== Data to examine ==
□ □ □ □ □ □ □
lemma producible_meas_meas_normalize_state:
  assumes "producible (Suc (Suc n)) \<Psi>"
    and "\<forall>p\<in>{0<..<1}. vnorm n (meas_branch n b (meas_branch (Suc n) b' (\<Psi> p))) \<noteq> 0"
  shows "producible n (\<lambda>p. normalize_state n (meas_branch n b (meas_branch (Suc n) b' (\<Psi> p))))"
proof -
  have first: "vnorm (Suc n) (meas_branch (Suc n) b' (\<Psi> p)) \<noteq> 0" if "p \<in> {0<..<1}" for p
    using assms(2) that meas_branch_eq_0_if_vnorm_eq_0 by (fastforce simp: vnorm_def)
  have "producible (Suc n) (\<lambda>p. normalize_state (Suc n) (meas_branch (Suc n) b' (\<Psi> p)))"
    using producible_meas_normalize_state[OF assms(1)] first by blast
  then have "producible n
      (\<lambda>p. normalize_state n (meas_branch n b (normalize_state (Suc n) (meas_branch (Suc n) b' (\<Psi> p)))))"
    by (rule producible_meas_normalize_state)
      (use assms(2) first in \<open>simp add: vnorm_meas_branch_normalize_state\<close>)
  then show ?thesis unfolding normalize_state_meas_branch_normalize_state .
qed

lemma normalize_state_qubit:
  assumes "c > 0" and "(norm k0)\<^sup>2 + (norm k1)\<^sup>2 = 1"
    and "v 0 = complex_of_real c * k0" and "v 1 = complex_of_real c * k1"
  shows "normalize_state 1 v 0 = k0" "normalize_state 1 v 1 = k1"
proof -
  have "(\<Sum>i<2 ^ 1. (norm (v i))\<^sup>2) = c\<^sup>2 * ((norm k0)\<^sup>2 + (norm k1)\<^sup>2)"
    using assms(3,4) by (simp add: numeral_2_eq_2 norm_mult power_mult_distrib algebra_simps)
  then have "vnorm 1 v = c"
    using assms by (simp add: vnorm_def)
  then show "normalize_state 1 v 0 = k0" "normalize_state 1 v 1 = k1"
    using assms by (simp_all add: normalize_state_def)
qed

definition phase_factor :: "real \<Rightarrow> complex" where
  "phase_factor p = complex_of_real (sqrt (1 - p\<^sup>2) / p) *
      (complex_of_real (sqrt 2 * p / (1 + p) * sqrt (p / (1 - p))) + complex_of_real (p / (1 + p)) * \<i>)"

lemma phase_factor_times:
  fixes p :: real
  assumes "0 < p" "p < 1"
  shows "phase_factor p * complex_of_real p
    = complex_of_real (p / sqrt (1 + p)) * (complex_of_real (sqrt 2 * sqrt p) + \<i> * complex_of_real (sqrt (1 - p)))"
proof -
  define q where "q = sqrt (1 + p)"
  have q: "1 + p = q * q" "q > 0" using assms by (simp_all add: q_def)
  have sq: "sqrt (1 - p\<^sup>2) = sqrt (1 - p) * q"
    by (simp add: q_def real_sqrt_mult[symmetric] power2_eq_square algebra_simps)
  have "sqrt (1 - p) > 0" using assms by simp
  then show ?thesis
    using assms q(2) unfolding phase_factor_def sq real_sqrt_divide q_def[symmetric] q(1)
    by (simp add: complex_eq_iff field_simps)
qed

lemma norm_phase_factor:
  fixes p :: real
  assumes "0 < p" "p < 1"
  shows "norm (phase_factor p) = 1"
proof -
  have "norm (complex_of_real (sqrt 2 * sqrt p) + \<i> * complex_of_real (sqrt (1 - p))) = sqrt (1 + p)"
    using assms by (simp add: Complex_eq[symmetric] cmod_def power_mult_distrib)
  then have "norm (phase_factor p * complex_of_real p) = p"
    using assms unfolding phase_factor_times[OF assms] by (simp only: norm_mult norm_of_real) simp
  then show ?thesis using assms by (simp add: norm_mult power_mult_distrib)
qed

lemma of_real_sqrt_mult_self [simp]:
  "x \<ge> 0 \<Longrightarrow> complex_of_real (sqrt x) * complex_of_real (sqrt x) = complex_of_real x"
  by (simp flip: of_real_mult)
theorem proposition3p4:
  fixes m k :: nat and H :: "(nat \<Rightarrow> nat) set" and g :: "nat \<Rightarrow> nat"
  assumes "0 < m" and "0 < k" and "2 * k \<le> m"
    and "H = Alt m \<or> H = Sym m"
    and "g \<in> H"
    and "num_cycles (\<lambda>A. g ` A) (ksubsets m k) \<le> 4"
  shows "(k = 3 \<and> m = 6) \<or> (k = 2 \<and> m \<le> 9) \<or> k = 1"
proof (rule ccontr)
  assume not_exceptional: "\<not> ?thesis"
  then have "2 \<le> k" using assms(2) by auto
  moreover have "g permutes {1..m}" using assms(4,5) by (auto simp: Alt_def Sym_def)
  ultimately have "5 \<le> num_cycles (image g) (ksubsets m k)"
    using five_le_num_cycles_ksubsets assms(3) not_exceptional by blast
  then show False using assms(6) by simp
qed

end
lemma trunc_pow_moments_polynomial_imp_zero:
  assumes ab: "a < b" and h: "continuous_on {a..b} h" and N: "1 \<le> N"
    and P: "\<forall>c\<in>{a<..<b}. integral {a..b} (\<lambda>\<tau>. trunc_pow N c \<tau> * h \<tau>) = poly p c" and dp: "degree p \<le> N"
  shows "\<forall>c\<in>{a..b}. h c = 0"
proof -
  have "\<exists>q. degree q \<le> N - d \<and> (\<forall>c\<in>{a<..<b}. integral {a..b} (\<lambda>\<tau>. trunc_pow (N - d) c \<tau> * h \<tau>) = poly q c)"
    if "d \<le> N - 1" for d
    using that
  proof (induction d)
    case 0 then show ?case using P dp by auto
  next
    case (Suc d)
    then obtain q where q: "degree q \<le> N - d"
      "\<forall>c\<in>{a<..<b}. integral {a..b} (\<lambda>\<tau>. trunc_pow (N - d) c \<tau> * h \<tau>) = poly q c" by auto
    have "2 \<le> N - d" and e: "N - d - 1 = N - Suc d" using Suc.prems by auto
    from trunc_pow_moment_polynomial_step[OF ab h this(1) q(2)]
    have "\<forall>c\<in>{a<..<b}. integral {a..b} (\<lambda>\<tau>. trunc_pow (N - Suc d) c \<tau> * h \<tau>)
      = poly (smult (- 1 / real (N - d)) (pderiv q)) c"
      unfolding e .
    moreover have "degree (smult (- 1 / real (N - d)) (pderiv q)) \<le> N - Suc d"
      using degree_smult_le[of "- 1 / real (N - d)" "pderiv q"] q(1) degree_pderiv[of q] by linarith
    ultimately show ?case by (intro exI[of _ "smult (- 1 / real (N - d)) (pderiv q)"] conjI)
  qed
  from this[of "N - 1"] N obtain q1 where q1: "degree q1 \<le> 1"
    "\<forall>c\<in>{a<..<b}. integral {a..b} (\<lambda>\<tau>. trunc_pow 1 c \<tau> * h \<tau>) = poly q1 c" by auto
  have "degree (pderiv q1) = 0" using q1(1) degree_pderiv[of q1] by simp
  then have const: "poly (pderiv q1) c = coeff (pderiv q1) 0" for c
    using degree_0_id by (metis poly_pCons mult_zero_right add.right_neutral poly_0 pCons_0_0)
  have "integral {c..b} h = - coeff (pderiv q1) 0" if c: "c \<in> {a<..<b}" for c
  proof -
    have d1: "((\<lambda>c. integral {a..b} (\<lambda>\<tau>. trunc_pow 1 c \<tau> * h \<tau>)) has_real_derivative (- integral {c..b} h)) (at c)"
      using first_trunc_pow_moment_has_derivative[OF less_imp_le[OF ab] h, of c] at_within_interior[of c "{a..b}"] c
      by simp
    have d2: "((\<lambda>c. integral {a..b} (\<lambda>\<tau>. trunc_pow 1 c \<tau> * h \<tau>)) has_real_derivative poly (pderiv q1) c) (at c)"
      by (rule has_field_derivative_transform_within_open[OF poly_DERIV[of q1 c], where S="{a<..<b}"])
        (use c q1(2) in auto)
    show ?thesis using DERIV_unique[OF d1 d2] const[of c] by simp
  qed
  then show ?thesis by (rule tail_integral_constant_imp_zero[OF ab h])
qed

lemma sum_monomials_vanishing_imp_zero:
  fixes e :: "nat \<Rightarrow> real"
  assumes d: "0 < d" and z: "\<forall>s\<in>{0<..<d}. (\<Sum>k<i. e k * s^k) = 0"
  shows "\<forall>k<i. e k = 0"
proof -
  define q where "q = (\<Sum>k<i. monom (e k) k)"
  have pq: "poly q s = (\<Sum>k<i. e k * s^k)" for s unfolding q_def by (simp add: poly_sum poly_monom)
  have "{0<..<d} \<subseteq> {x. poly q x = 0}" using z pq by auto
  moreover have "infinite {0<..<d}" using d by simp
  ultimately have "infinite {x. poly q x = 0}" using finite_subset by blast
  then have q0: "q = 0" using poly_roots_finite by blast
  show ?thesis
  proof (intro allI impI)
    fix k assume k: "k < i"
    have "coeff q k = e k" unfolding q_def coeff_sum using k by simp
    then show "e k = 0" using q0 by simp
  qed
qed
theorem is_solution_col_dir: "is_solution n F (\<lambda>_. 1) col_dir"
proof -
  let ?f = "CN n F (\<lambda>_. 1) col_dir" and ?B = "{0..<n} \<times> {0..<k}"
  have conj: "?f (strand_cell x) = strand_cell (next_state x)" if "x \<in> ?B" for x
    using that CN_strand_cell by auto
  have iter: "(?f ^^ t) (strand_cell x) = strand_cell ((next_state ^^ t) x)" if "x \<in> ?B" for x t
    using funpow_semiconj[where f = ?f and h = strand_cell, OF next_state_in_box conj that] .
  have "finite F" using strand_cell_image[symmetric] by simp
  moreover have "?f ` F \<subseteq> F"
    using strand_cell_image conj next_state_in_box by auto
  moreover have origin: "(0, 0) \<in> ?B" using k_bounds by simp
  moreover have "\<exists>t. (?f ^^ t) (?f (strand_cell (0, 0))) = y" if "y \<in> F" for y
  proof -
    obtain c q where cq: "(c, q) \<in> ?B" "y = strand_cell (c, q)"
      using \<open>y \<in> F\<close> strand_cell_image by auto
    then obtain t where "(next_state ^^ t) (g, 0) = (c, q)"
      using reachable_from_start unfolding reachable_def by auto
    then have "(?f ^^ t) (strand_cell (g, 0)) = y"
      using iter[of "(g, 0)" t] g k n_bounds cq by simp
    then show ?thesis
      using conj[OF origin] next_state_origin by auto
  qed
  ultimately have "bij_betw ?f F F" "\<forall>x\<in>F. \<forall>y\<in>F. \<exists>t. (?f ^^ t) x = y"
    using single_orbit_imp_cycle[of F ?f "strand_cell (0, 0)"] strand_cell_image by auto
  then show ?thesis by (simp add: is_solution_def col_dir_def)
qed

end

theorem corollary5p6:
  fixes m g n k :: int and F :: "(int \<times> int) set"
  assumes "odd m" and "odd g" and "m \<ge> 3" and "g \<ge> 3"
    and "n = m * g" and "k = 1 + (m - 1) * g"
    and "is_array n F" and "cyclically_k_diagonal n k F"
  shows "\<exists>R C. is_solution n F R C"
proof -
  have "2 * g \<le> (m - 1) * g" using assms(3,4) by (intro mult_right_mono) auto
  then have "2 * g + 1 \<le> k" using assms(6) by simp
  moreover have "odd k" using assms(1,6) by simp
  moreover have "n = k + g - 1" using assms(5,6) by (simp add: algebra_simps)
  ultimately have "diagonal_array n g k F"
    using assms(2,4,8) by unfold_locales simp_all
  then show ?thesis using diagonal_array.is_solution_col_dir by blast
qed

end
lemma integral_Cauchy_Schwarz_weighted:
  fixes f g w :: "'a::euclidean_space \<Rightarrow> real"
  assumes nonneg: "\<And>x. x \<in> S \<Longrightarrow> 0 \<le> f x" "\<And>x. x \<in> S \<Longrightarrow> 0 \<le> g x" "\<And>x. x \<in> S \<Longrightarrow> 0 \<le> w x"
    and int: "(\<lambda>x. f x * g x * w x) integrable_on S" "(\<lambda>x. (f x)\<^sup>2 * w x) integrable_on S"
      "(\<lambda>x. (g x)\<^sup>2 * w x) integrable_on S"
  shows "integral S (\<lambda>x. f x * g x * w x)
    \<le> sqrt (integral S (\<lambda>x. (f x)\<^sup>2 * w x)) * sqrt (integral S (\<lambda>x. (g x)\<^sup>2 * w x))"
proof -
  have sq: "integral S (\<lambda>x. h x powr 2 * w x) = integral S (\<lambda>x. (h x)\<^sup>2 * w x)"
    and sq_int: "(\<lambda>x. h x powr 2 * w x) integrable_on S \<longleftrightarrow> (\<lambda>x. (h x)\<^sup>2 * w x) integrable_on S"
    if "\<And>x. x \<in> S \<Longrightarrow> 0 \<le> h x" for h
    using that by (auto intro!: integral_cong integrable_cong)
  have "integral S (\<lambda>x. f x * g x * w x)
      \<le> integral S (\<lambda>x. f x powr 2 * w x) powr (1/2) * integral S (\<lambda>x. g x powr 2 * w x) powr (1/2)"
    by (rule integral_Holder_weighted) (use nonneg int in \<open>auto simp: sq_int\<close>)
  also have "\<dots> = sqrt (integral S (\<lambda>x. (f x)\<^sup>2 * w x)) * sqrt (integral S (\<lambda>x. (g x)\<^sup>2 * w x))"
    using nonneg int by (simp add: sq powr_half_sqrt integral_nonneg)
  finally show ?thesis .
qed
(* Let $n\ge1$ and let $c:E_n\to\mathbb C$ be an admissible edge weighting of $Q_n$ with $c(ij)\ne0$ for all $ij\in E_n$. Then there is $\mathbf t\in\Delta_{n-1}$ such that the representation $\rho_c$ is unitarily equivalent to $\rho_{\mathbf t}$.
   Context: For $n\ge1$, identify integers $0\le i<2^n$ with their $n$-digit binary representations $i=\sum_k i_k2^k$; $\mathrm{par}_k(i)=\sum_{r=0}^k i_r\bmod2$, and $i\#k$ is $i$ with its $k$-th digit flipped. The hypercube $Q_n$ has vertex classes $U_n=\{i\mid\mathrm{par}_{n-1}(i)=0\}$, $V_n=\{j\mid\mathrm{par}_{n-1}(j)=1\}$ and edge set $E_n$ of pairs $ij$ ($i\in U_n$, $j\in V_n$, $j=i\#k$ for some $k<n$); $\mathcal N(x)$ denotes neighbors. $C^\ast(Q_n)$ is the universal unital C*-algebra generated by projections $p_x$ with $\sum_{u\in U_n}p_u=1=\sum_{v\in V_n}p_v$ and $p_up_v=0$ for non-adjacent $u,v$. A weighting $c:E_n\to\mathbb C$ (with $c(ij):=0$ for non-adjacent $i,j$) is admissible if $\sum_{i\in\mathcal N(j_1)\cap\mathcal N(j_2)}c(ij_1)\overline{c(ij_2)}=\delta_{j_1j_2}$ for all $j_1,j_2\in V_n(c)$ and $\sum_{j\in\mathcal N(i_1)\cap\mathcal N(i_2)}c(i_1j)\overline{c(i_2j)}=\delta_{i_1i_2}$ for all $i_1,i_2\in U_n(c)$, where $U_n(c),V_n(c)$ are the vertices incident to some edge of nonzero weight. For such $c$, $\rho_c:C^\ast(Q_n)\to M_{U_n(c)}$ is the representation with $\rho_c(p_i)=E_{ii}$ ($i\in U_n(c)$), $\rho_c(p_j)=[c(i_1j)\overline{c(i_2j)}]_{i_1,i_2\in U_n(c)}$ ($j\in V_n(c)$), $\rho_c(p_x)=0$ otherwise. $\Delta_{n-1}=\{[t_0,\dots,t_{n-1}]\mid t_k\ge0,\sum t_k=1\}$; for $\mathbf t\in\Delta_{n-1}$, $c_{\mathbf t}(ij)=(-1)^{\mathrm{par}_k(i)}\sqrt{t_k}$ for $i\in U_n$, $j=i\#k$, and $\rho_{\mathbf t}:C^\ast(Q_n)\to M_{U_n}$ is the representation with $\rho_{\mathbf t}(p_i)=E_{ii}$, $\rho_{\mathbf t}(p_j)=[c_{\mathbf t}(i_1j)\overline{c_{\mathbf t}(i_2j)}]_{i_1,i_2\in U_n}$. *)

theory Defs
  imports Complex_Main
begin

text \<open>Binary digits: i_k is bit i k. par k i = (sum_{r<=k} i_r) mod 2.
  i # k is flip_bit k i.\<close>

definition par :: "nat \<Rightarrow> nat \<Rightarrow> nat" where
  "par k i = (\<Sum>r\<le>k. if bit i r then 1 else 0) mod 2"

definition Uset :: "nat \<Rightarrow> nat set" where
  "Uset n = {i. i < 2 ^ n \<and> par (n - 1) i = 0}"

definition Vset :: "nat \<Rightarrow> nat set" where
  "Vset n = {j. j < 2 ^ n \<and> par (n - 1) j = 1}"

definition edge :: "nat \<Rightarrow> nat \<Rightarrow> nat \<Rightarrow> bool" where
  "edge n i j \<longleftrightarrow> i \<in> Uset n \<and> j \<in> Vset n \<and> (\<exists>k<n. j = flip_bit k i)"

definition nbrs :: "nat \<Rightarrow> nat \<Rightarrow> nat set" where
  "nbrs n x = {y. edge n x y \<or> edge n y x}"

definition cw :: "nat \<Rightarrow> (nat \<Rightarrow> nat \<Rightarrow> complex) \<Rightarrow> nat \<Rightarrow> nat \<Rightarrow> complex" where
  "cw n c i j = (if edge n i j then c i j else 0)"

definition Uc :: "nat \<Rightarrow> (nat \<Rightarrow> nat \<Rightarrow> complex) \<Rightarrow> nat set" where
  "Uc n c = {i \<in> Uset n. \<exists>j. edge n i j \<and> c i j \<noteq> 0}"

definition Vc :: "nat \<Rightarrow> (nat \<Rightarrow> nat \<Rightarrow> complex) \<Rightarrow> nat set" where
  "Vc n c = {j \<in> Vset n. \<exists>i. edge n i j \<and> c i j \<noteq> 0}"

definition admissible :: "nat \<Rightarrow> (nat \<Rightarrow> nat \<Rightarrow> complex) \<Rightarrow> bool" where
  "admissible n c \<longleftrightarrow>
     (\<forall>j1\<in>Vc n c. \<forall>j2\<in>Vc n c.
        (\<Sum>i\<in>nbrs n j1 \<inter> nbrs n j2. cw n c i j1 * cnj (cw n c i j2))
          = (if j1 = j2 then 1 else 0)) \<and>
     (\<forall>i1\<in>Uc n c. \<forall>i2\<in>Uc n c.
        (\<Sum>j\<in>nbrs n i1 \<inter> nbrs n i2. cw n c i1 j * cnj (cw n c i2 j))
          = (if i1 = i2 then 1 else 0))"

text \<open>Matrices are functions nat => nat => complex, meaningful on an index set.
  rho_c(p_x) as a matrix indexed by U_n(c) x U_n(c).\<close>
definition rho_c :: "nat \<Rightarrow> (nat \<Rightarrow> nat \<Rightarrow> complex) \<Rightarrow> nat \<Rightarrow> nat \<Rightarrow> nat \<Rightarrow> complex" where
  "rho_c n c x = (\<lambda>i1 i2.
     if x \<in> Uc n c then (if i1 = x \<and> i2 = x then 1 else 0)
     else if x \<in> Vc n c then cw n c i1 x * cnj (cw n c i2 x)
     else 0)"

definition simplex :: "nat \<Rightarrow> (nat \<Rightarrow> real) set" where
  "simplex n = {t. (\<forall>k<n. 0 \<le> t k) \<and> (\<Sum>k<n. t k) = 1}"

definition c_t :: "nat \<Rightarrow> (nat \<Rightarrow> real) \<Rightarrow> nat \<Rightarrow> nat \<Rightarrow> complex" where
  "c_t n t i j = (\<Sum>k<n. if i \<in> Uset n \<and> j = flip_bit k i
                           then (-1) ^ par k i * complex_of_real (sqrt (t k)) else 0)"

definition rho_t :: "nat \<Rightarrow> (nat \<Rightarrow> real) \<Rightarrow> nat \<Rightarrow> nat \<Rightarrow> nat \<Rightarrow> complex" where
  "rho_t n t x = (\<lambda>i1 i2.
     if x \<in> Uset n then (if i1 = x \<and> i2 = x then 1 else 0)
     else if x \<in> Vset n then c_t n t i1 x * cnj (c_t n t i2 x)
     else 0)"

text \<open>Unitary equivalence of two representations of C*(Q_n), given by their values
  on the generators p_x (x < 2^n), into M_A and M_B: a unitary W : C^A -> C^B
  (matrix indexed by B x A) with W rho1(p_x) = rho2(p_x) W for all x.
  Since the p_x generate C*(Q_n), this is unitary equivalence of representations.\<close>
definition unitarily_equiv ::
  "nat \<Rightarrow> nat set \<Rightarrow> (nat \<Rightarrow> nat \<Rightarrow> nat \<Rightarrow> complex) \<Rightarrow> nat set \<Rightarrow> (nat \<Rightarrow> nat \<Rightarrow> nat \<Rightarrow> complex) \<Rightarrow> bool" where
  "unitarily_equiv n A r1 B r2 \<longleftrightarrow>
     (\<exists>W :: nat \<Rightarrow> nat \<Rightarrow> complex.
        (\<forall>a1\<in>A. \<forall>a2\<in>A. (\<Sum>b\<in>B. cnj (W b a1) * W b a2) = (if a1 = a2 then 1 else 0)) \<and>
        (\<forall>b1\<in>B. \<forall>b2\<in>B. (\<Sum>a\<in>A. W b1 a * cnj (W b2 a)) = (if b1 = b2 then 1 else 0)) \<and>
        (\<forall>x<2^n. \<forall>b\<in>B. \<forall>a\<in>A.
            (\<Sum>a'\<in>A. W b a' * r1 x a' a) = (\<Sum>b'\<in>B. r2 x b b' * W b' a)))"

end

theory Submission
  imports Defs
begin

text \<open>
  Around a square i, i # k, i' = i # k # l, i # l of Q_n the two vertices of U_n have exactly
  the other two corners as common neighbours, so admissibility says that the 2 x 2 matrix of
  weights on the square has orthogonal rows and orthogonal columns. With all weights nonzero
  this forces |c| to agree on opposite edges of every square; hence |c(ij)|^2 = t_k depends only
  on the direction k of the edge, and the normalisation at the vertex 0 puts t in the simplex.
  It also forces c(i, i # k) c(i', i # l) t_l = - c(i, i # l) c(i', i # k) t_k, which c_t
  satisfies as well because its sign (-1)^par changes an odd number of times around a square.
  So the unimodular phases c / c_t form a flat connection on Q_n. Integrating it along monotone
  paths from 0 gives a unimodular potential P with c(ij) = conj(P i) P j c_t(ij), and the
  diagonal unitary P intertwines rho_c with rho_t.
\<close>

section \<open>The hypercube\<close>

lemma flip_bit_flip_bit_same [simp]: "flip_bit k (flip_bit k x) = (x :: nat)"
  by (rule bit_eqI) (auto simp: bit_flip_bit_iff)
□ □ □ □ □ □ □
The word "case" appears in some lines of the records. Please work out how many and reply with that number only.

3